Coming from OpenStack land where Ceph is used heavily, it's well known that you ...

x0x0 · on Nov 12, 2016

Also -- if you look at the infra updated from the linked article, they mention something about 3M updates/hour to a pg table ([1], slide 9) triggering continuous vacuums. This feels like using a db table as a queue which is not going to be fun at moderate to high loads.

[1] https://about.gitlab.com/2016/09/26/infrastructure-update/

pcarranza · on Nov 13, 2016

It's not updates, it's just querying, updates are not that bad, the main issue there was that the CI runner was keeping a lock in the database while going for the filesystem to get the commit, this generated a lot of contention.

Still this is something we need to fix in our CI implementation because, as you say, databases are not good queueing systems.

sytse · on Nov 13, 2016

For sure there is much we can improve to reduce DB updates, but we do use Redis for queues.

YorickPeterse · on Nov 13, 2016

> They probably could have saved themselves a lot of pain by talking to some Ceph experts still working inside RedHat for architectural and other design decisions.

We have been in contact with RedHat and various other Ceph experts ever since we started using it.

> I agree with other poster who asked why do they even need a gigantic distributed fs and how that seems like a design miss.

Users can self host GitLab. Using some complex custom block storage system would complicate this too much, especially since the vast majority of users won't need it.

sytse · on Nov 13, 2016

You're right. We talked to experts and they warned us about running Ceph on VMs and we tried it anyway, shame on us.

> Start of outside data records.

(* Let $f:[0,\infty)\to\mathbb{R}$ be convex with $f(1)=0$ and strictly convex at $x=1$, and let $G:[0,\mathsf{D_m}(f))\to[0,\infty)$ be continuous and non-decreasing with $G(0)=0$ and $G(x)>0$ for all $x>0$. Then $(G,f)$ is divergence-subadditive if and only if it is information-subadditive.
   Context: All alphabets are finite. For distributions $p\ll q$ on a finite set $\mathcal{X}$ and convex $f$ with $f(1)=0$, $D_f(p\|q)=\sum_x q(x) f(p(x)/q(x))$ with the convention $0f(0/0)=0$. $\mathsf{D_m}(f)=f(0)+\lim_{t\to\infty} f(t)/t$. Define $\mathcal{D}_{G,f}(p\|q)=G(D_f(p\|q))$ and, for random variables $X,Y$ on finite sets, $I_{G,f}(X;Y)=\min_{q_Y}\sum_x p_X(x)\,G(D_f(p_{Y|X=x}\|q_Y))$, the minimum over distributions $q_Y$ on the alphabet of $Y$. $(G,f)$ is divergence-subadditive if for all finite sets $\mathcal{Y},\mathcal{Z}$ and all distributions $q_Y\ll r_Y$ on $\mathcal{Y}$, $q_Z\ll r_Z$ on $\mathcal{Z}$: $\mathcal{D}_{G,f}(q_Yq_Z\|r_Yr_Z)\le \mathcal{D}_{G,f}(q_Y\|r_Y)+\mathcal{D}_{G,f}(q_Z\|r_Z)$. $(G,f)$ is information-subadditive if for all random variables $X,Y,Z$ on finite sets with $p_{XYZ}=p_Xp_{Y|X}p_{Z|X}$ (i.e. $Y\to X\to Z$ is a Markov chain), $I_{G,f}(X;YZ)\le I_{G,f}(X;Y)+I_{G,f}(X;Z)$. *)

theory Defs
  imports "HOL-Analysis.Analysis"
begin

definition is_dist :: "'a set \<Rightarrow> ('a \<Rightarrow> real) \<Rightarrow> bool" where
  "is_dist A p \<longleftrightarrow> finite A \<and> (\<forall>x\<in>A. 0 \<le> p x) \<and> sum p A = 1"

definition abs_cont :: "'a set \<Rightarrow> ('a \<Rightarrow> real) \<Rightarrow> ('a \<Rightarrow> real) \<Rightarrow> bool" where
  "abs_cont A p q \<longleftrightarrow> (\<forall>x\<in>A. q x = 0 \<longrightarrow> p x = 0)"
(* Let $\mathcal{A}_1=(Q,R_1,V_1,V_1',f_1)$ and $\mathcal{A}_2=(Q,R_2,V_2,V_2',f_2)$ be two stochastic CA with the same set of states $Q$ and explicit global functions $F_1,F_2$. Then $S_{F_1}=S_{F_2}$ if and only if for every configuration $c\in Q^{\mathbb{Z}}$ there exists a measure $\gamma_c\in\mathcal{M}(R_1^{\mathbb{Z}}\times R_2^{\mathbb{Z}})$ coupling $\mathcal{A}_1$ and $\mathcal{A}_2$ on $c$, i.e. such that (1) $\gamma_c$ is a coupling of $\nu_{R_1}$ and $\nu_{R_2}$, and (2) $\gamma_c\big(\{(s_1,s_2): F_1(c,s_1)=F_2(c,s_2)\}\big)=1$.
   Context: A stochastic CA is a tuple $(Q,R,V,V',f)$ with $Q$ a finite set of states, $R$ a finite set of random symbols, $V=\{v_1,\dots,v_r\}$, $V'=\{v'_1,\dots,v'_{r'}\}$ finite subsets of $\mathbb{Z}$, and $f:Q^r\times R^{r'}\to Q$. Its explicit global function $F:Q^{\mathbb{Z}}\times R^{\mathbb{Z}}\to Q^{\mathbb{Z}}$ is $F(c,s)_z=f\big((c_{z+v_1},\dots,c_{z+v_r}),(s_{z+v'_1},\dots,s_{z+v'_{r'}})\big)$. Cylinders are $[u]_z=\{c: c_{z+x}=u_x,\ 0\le x<|u|\}$; $\nu_R$ is the uniform Bernoulli measure on $R^{\mathbb{Z}}$; $\mathcal{M}(X)$ is the set of Borel probability measures on $X$. The stochastic global function is $S_F:Q^{\mathbb{Z}}\to\mathcal{M}(Q^{\mathbb{Z}})$, $S_F(c)([u]_z)=\nu_R(\{s: F(c,s)\in[u]_z\})$. A coupling of $\mu_1\in\mathcal{M}(A_1^{\mathbb{Z}})$ and $\mu_2\in\mathcal{M}(A_2^{\mathbb{Z}})$ is $\gamma\in\mathcal{M}(A_1^{\mathbb{Z}}\times A_2^{\mathbb{Z}})$ with $\gamma(E_1\times A_2^{\mathbb{Z}})=\mu_1(E_1)$ and $\gamma(A_1^{\mathbb{Z}}\times E_2)=\mu_2(E_2)$ for all measurable $E_1,E_2$. *)

theory Defs
  imports "HOL-Probability.Probability"
begin

text \<open>A stochastic CA (Q,R,V,V',f): Q and R are finite types, the neighbourhoods
V = [v_1,...,v_r] and V' = [v'_1,...,v'_r'] are lists of distinct integers,
and the local rule f takes the r-tuple of neighbour states and the r'-tuple of
random symbols (as lists of those lengths).\<close>

definition explicit_global ::
  "int list \<Rightarrow> int list \<Rightarrow> ('q list \<Rightarrow> 'r list \<Rightarrow> 'q) \<Rightarrow> (int \<Rightarrow> 'q) \<Rightarrow> (int \<Rightarrow> 'r) \<Rightarrow> (int \<Rightarrow> 'q)"
  where "explicit_global V V' f c s =
           (\<lambda>z. f (map (\<lambda>v. c (z + v)) V) (map (\<lambda>v. s (z + v)) V'))"

text \<open>The space A^Z with its product (= Borel, for finite A) sigma algebra.\<close>
definition config_space :: "(int \<Rightarrow> 'a) measure"
  where "config_space = (\<Pi>\<^sub>M z\<in>(UNIV::int set). count_space (UNIV::'a set))"

definition bernoulli_unif :: "(int \<Rightarrow> 'r::finite) measure"
  where "bernoulli_unif = (\<Pi>\<^sub>M z\<in>(UNIV::int set). measure_pmf (pmf_of_set (UNIV::'r set)))"

definition stoch_global ::
  "((int \<Rightarrow> 'q) \<Rightarrow> (int \<Rightarrow> 'r::finite) \<Rightarrow> (int \<Rightarrow> 'q)) \<Rightarrow> (int \<Rightarrow> 'q) \<Rightarrow> (int \<Rightarrow> 'q) measure"
  where "stoch_global F c = distr bernoulli_unif config_space (F c)"

definition is_coupling :: "('a \<times> 'b) measure \<Rightarrow> 'a measure \<Rightarrow> 'b measure \<Rightarrow> bool"
  where "is_coupling \<gamma> \<mu>1 \<mu>2 \<longleftrightarrow>
           prob_space \<gamma> \<and> sets \<gamma> = sets (\<mu>1 \<Otimes>\<^sub>M \<mu>2) \<and>
           (\<forall>E1\<in>sets \<mu>1. emeasure \<gamma> (E1 \<times> space \<mu>2) = emeasure \<mu>1 E1) \<and>
           (\<forall>E2\<in>sets \<mu>2. emeasure \<gamma> (space \<mu>1 \<times> E2) = emeasure \<mu>2 E2)"

end

theory Submission
  imports Defs
begin

text \<open>If there is a coupling \<open>\<gamma>\<^sub>c\<close> concentrated on \<open>F\<^sub>1(c,s\<^sub>1) = F\<^sub>2(c,s\<^sub>2)\<close>, the two image laws
  agree because the marginals of \<open>\<gamma>\<^sub>c\<close> are the Bernoulli measures. Conversely, if
  \<open>G\<^sub>k = F\<^sub>k(c,-)\<close> push \<open>\<nu>\<^sub>R\<^sub>1\<close> and \<open>\<nu>\<^sub>R\<^sub>2\<close> to the same law \<open>\<mu>\<close>, draw \<open>y\<close> from \<open>\<mu>\<close> and then \<open>s\<^sub>1\<close>, \<open>s\<^sub>2\<close>
  independently from the conditional laws given \<open>G\<^sub>1 = y\<close> and \<open>G\<^sub>2 = y\<close>. Avoiding regular
  conditional laws, this coupling is built from its finite-dimensional
  distributions \<open>E\<^sub>\<mu>[P(s\<^sub>1 \<in> C\<^sub>1 | G\<^sub>1 = y) P(s\<^sub>2 \<in> C\<^sub>2 | G\<^sub>2 = y)]\<close> on cylinders, with conditional
  probabilities given by Radon-Nikodym derivatives, and Kolmogorov's extension theorem.
  Since \<open>G\<^sub>k(s) z\<close> depends on finitely many coordinates of \<open>s\<close>, disagreement at \<open>z\<close> is a
  finite union of cylinder rectangles, each of which gets weight zero.\<close>

section \<open>The uniform Bernoulli measure and its cylinders\<close>

lemma space_bernoulli_unif [simp]: "space (bernoulli_unif :: (int \<Rightarrow> 'r::finite) measure) = UNIV"
  by (simp add: bernoulli_unif_def space_PiM)

lemma sets_bernoulli_unif:
  "sets (bernoulli_unif :: (int \<Rightarrow> 'r::finite) measure) = sets (\<Pi>\<^sub>M z\<in>UNIV. count_space UNIV)"
  unfolding bernoulli_unif_def by (intro sets_PiM_cong) (simp_all add: sets_measure_pmf_count_space)

lemma prob_space_bernoulli_unif: "prob_space (bernoulli_unif :: (int \<Rightarrow> 'r::finite) measure)"
  unfolding bernoulli_unif_def by (intro prob_space_PiM) (simp add: prob_space_measure_pmf)

lemma space_config_space [simp]: "space (config_space :: (int \<Rightarrow> 'a) measure) = UNIV"
  by (simp add: config_space_def space_PiM)

definition cylinder :: "'i set \<Rightarrow> ('i \<Rightarrow> 'a set) \<Rightarrow> ('i \<Rightarrow> 'a) set" where
  "cylinder J B = {s. \<forall>i\<in>J. s i \<in> B i}"

lemma cylinder_cong: "(\<And>i. i \<in> J \<Longrightarrow> B i = B' i) \<Longrightarrow> cylinder J B = cylinder J B'"
  by (auto simp: cylinder_def)

lemma cylinder_UNIV [simp]: "cylinder J (\<lambda>_. UNIV) = UNIV"
  by (simp add: cylinder_def)

lemma measurable_component_config_space:
  assumes "G \<in> measurable M config_space"
  shows "(\<lambda>x. G x z) \<in> measurable M (count_space UNIV)"
proof -
  have "(\<lambda>y. y z) \<in> measurable config_space (count_space UNIV)"
    unfolding config_space_def by (rule measurable_component_singleton) simp
  with assms show ?thesis
    by (rule measurable_compose)
qed

lemma prod_emb_count_space_eq_cylinder:
  "prod_emb UNIV (\<lambda>_. count_space UNIV) J (Pi\<^sub>E J B) = cylinder J B"
  by (auto simp: prod_emb_iff cylinder_def PiE_iff extensional_def)

lemma cylinder_in_sets_bernoulli_unif:
  assumes "finite J"
  shows "cylinder J B \<in> sets (bernoulli_unif :: (int \<Rightarrow> 'r::finite) measure)"
  unfolding sets_bernoulli_unif prod_emb_count_space_eq_cylinder[symmetric]
  using assms by (intro sets_PiM_I) auto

You do need either a distributed FS (GitHub made their on with Dgit http://githubengineering.com/introducing-dgit/, we want to try to reuse an existing technology) or buy a big storage appliance.

camkego · on Nov 13, 2016

Bingo! Seasoned developers and architects with 15-20+ years of experience would very likely question using software stacks like CephFS with warnings on it's website about production use! You really want no exotic 3rd party stuff in your design, and plain-Jane components like ext3 and Ethernet switches. Choosing a newer exotic distributed filesystem may really come back to bite you in the future.